Ultimately those who do not buy into the story of economic growth are no good to corporations. Hence to maintain the falacy that corporate growth is the only useful measure of success for society, society will have to evolve at the behest of corporate influence to marginalize, exclude and eliminate these "un-consumers". In such a society it will be impossible and illegal to grown your own food, to generate your own power, to refuse government mandated medication, school your own kids, build your own computer, access media or communicate with others without monitoring, to act anonymously, etc. etc. the list goes on.
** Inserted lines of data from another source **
lemma card_paths_count_below:
  assumes marked: "\<And>p. p \<in> paths n r \<Longrightarrow> card {m. m < length p \<and> S (p ! m)} = N"
    and k: "1 \<le> k" "k \<le> N"
  shows "((r+1)*n+1) * card {q\<in>paths n r. S (q ! 0) \<and> count_below r S q = k}
    = ((r+1)*n+1) choose n"
  unfolding card_paths[symmetric]
proof (rule card_unique_rotation[OF finite_paths])
  fix p assume p: "p \<in> paths n r"
  then show len: "length p = (r+1)*n+1"
    by (simp add: mem_paths_iff)
  show "card {j. j < (r+1)*n+1 \<and> S (rotate j p ! 0) \<and> count_below r S (rotate j p) = k} = 1"
  proof (rule card_rotations_count_below[OF len _ k(1)])
    show "height r p ((r+1)*n+1) = 1"
      using p len by (simp add: paths_def)
    show "k \<le> card {m. m < (r+1)*n+1 \<and> S (p ! m)}"
      using marked[OF p] k(2) len by simp
  qed
qed (rule rotate_mem_paths)

lemma card_ups_paths:
  assumes "p \<in> paths n r"
  shows "card {i. i < length p \<and> p ! i} = r*n+1"
proof -
  have "length p = (r+1)*n+1" "card {i. i < length p \<and> \<not> p ! i} = n"
    using assms unfolding mem_paths_iff by blast+
  moreover have "(r+1)*n = r*n + n" by simp
  ultimately show ?thesis using card_ups_plus_downs[of p] by linarith
qed

lemma paths_hd_conv_nth:
  assumes "p \<in> paths n r"
  shows "p \<noteq> [] \<and> hd p = p ! 0"
proof -
  have "length p = Suc ((r+1)*n)" using assms by (simp add: mem_paths_iff)
  then have "p \<noteq> []" by auto
  then show ?thesis by (simp add: hd_conv_nth)
qed

lemma real_eq_of_mult_eq: "(a::nat) * c = b \<Longrightarrow> a \<noteq> 0 \<Longrightarrow> real c = 1 / real a * real b"
  by (auto simp: field_simps simp flip: of_nat_mult)

lemma card_up_first_ups_below:
  assumes "1 \<le> k" "k \<le> r*n+1"
  shows "real (card {p \<in> paths n r. p \<noteq> [] \<and> hd p \<and> ups_below r p = k})
    = 1 / real (r*n+1) * real (((r+1)*n) choose n)"
    (is "real (card ?C) = _")
proof -
  define L where "L = (r+1)*n+1"
  have marked: "?C = {q \<in> paths n r. id (q ! 0) \<and> count_below r id q = k}"
    using paths_hd_conv_nth by (auto simp: ups_below_def count_below_def)
  have count: "L * card ?C = L choose n"
    unfolding marked L_def using assms card_ups_paths
    by (intro card_paths_count_below[where N = "r*n+1"]) auto
  have "L - n = r*n+1" "(r+1)*n = L - 1" "L \<noteq> 0" by (simp_all add: L_def)
  then have "L * ((r*n+1) * card ?C) = (L - n) * (L * card ?C)"
    by (simp add: mult.left_commute)
  also have "\<dots> = L * (((r+1)*n) choose n)"
    unfolding count \<open>(r+1)*n = L - 1\<close> by (rule binomial_absorb_comp)
  finally have "(r*n+1) * card ?C = ((r+1)*n) choose n"
    using \<open>L \<noteq> 0\<close> by simp
  then show ?thesis by (rule real_eq_of_mult_eq) simp
qed

lemma card_down_first_downs_below:
  assumes "1 \<le> k" "k \<le> n"
  shows "real (card {p \<in> paths n r. p \<noteq> [] \<and> \<not> hd p \<and> downs_below r p = k})
    = 1 / real n * real (((r+1)*n) choose (n-1))"
    (is "real (card ?C) = _")
proof -
  define L where "L = (r+1)*n+1"
  have marked: "?C = {q \<in> paths n r. Not (q ! 0) \<and> count_below r Not q = k}"
    using paths_hd_conv_nth by (auto simp: downs_below_def count_below_def)
  have count: "L * card ?C = L choose n"
    unfolding marked L_def using assms
    by (intro card_paths_count_below[where N = n]) (auto simp: mem_paths_iff)
  have "Suc (n-1) = n" "(r+1)*n = L - 1" "L \<noteq> 0" using assms by (simp_all add: L_def)
  then have "L * (n * card ?C) = Suc (n-1) * (L choose Suc (n-1))"
    by (simp add: mult.left_commute count)
  also have "\<dots> = L * (((r+1)*n) choose (n-1))"
    unfolding \<open>(r+1)*n = L - 1\<close> by (rule binomial_absorption)
  finally have "n * card ?C = ((r+1)*n) choose (n-1)"
    using \<open>L \<noteq> 0\<close> by simp
  then show ?thesis by (rule real_eq_of_mult_eq) (use assms in simp)
qed

lemma card_verts_below:
  assumes "1 \<le> k" "k \<le> (r+1)*n+1"
  shows "real (card {p \<in> paths n r. verts_below r p = k})
    = 1 / real ((r+1)*n+1) * real (((r+1)*n+1) choose n)"
    (is "real (card ?C) = _")
proof (rule real_eq_of_mult_eq)
  have marked: "?C = {q \<in> paths n r. (\<lambda>_. True) (q ! 0) \<and> count_below r (\<lambda>_. True) q = k}"
    by (auto simp: verts_below_def count_below_def)
  show "((r+1)*n+1) * card ?C = ((r+1)*n+1) choose n"
    unfolding marked using assms
    by (intro card_paths_count_below[where N = "(r+1)*n+1"]) (auto simp: mem_paths_iff)
qed simp

theorem theorem13:
  fixes n r :: nat
  assumes "r \<ge> 1" and "n \<ge> 1"
  shows "(\<forall>k. 1 \<le> k \<and> k \<le> r*n+1 \<longrightarrow>
            real (card {p \<in> paths n r. p \<noteq> [] \<and> hd p \<and> ups_below r p = k})
              = 1 / real (r*n+1) * real (((r+1)*n) choose n))
       \<and> (\<forall>k. 1 \<le> k \<and> k \<le> n \<longrightarrow>
            real (card {p \<in> paths n r. p \<noteq> [] \<and> \<not> hd p \<and> downs_below r p = k})
              = 1 / real n * real (((r+1)*n) choose (n-1)))
       \<and> (\<forall>k. 1 \<le> k \<and> k \<le> (r+1)*n+1 \<longrightarrow>
            real (card {p \<in> paths n r. verts_below r p = k})
              = 1 / real ((r+1)*n+1) * real (((r+1)*n+1) choose n))"
  using card_up_first_ups_below card_down_first_downs_below card_verts_below by blast

end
This may seem laughable but every one of them is something that has roots in ideas extolled by todays corporations as being "good for business", and consequently being lobbied for with big corporate donations (lets face it - bribes) in Washington. And when good business is the only measure of success of our country, then opposing success is opposing our own country, which is ... un-American... right? See, they've got you... its un-American no to support big corporations and to not go shopping.
So shouldn't you be afraid, very afraid?
Nah, just kidding, I'm just messing with your head. Really, I was making it all up, go to bed, take a Paxil, don't worry about it. Tomorrow's going to be a brand new day and you can go out shopping and everythings going to be alright!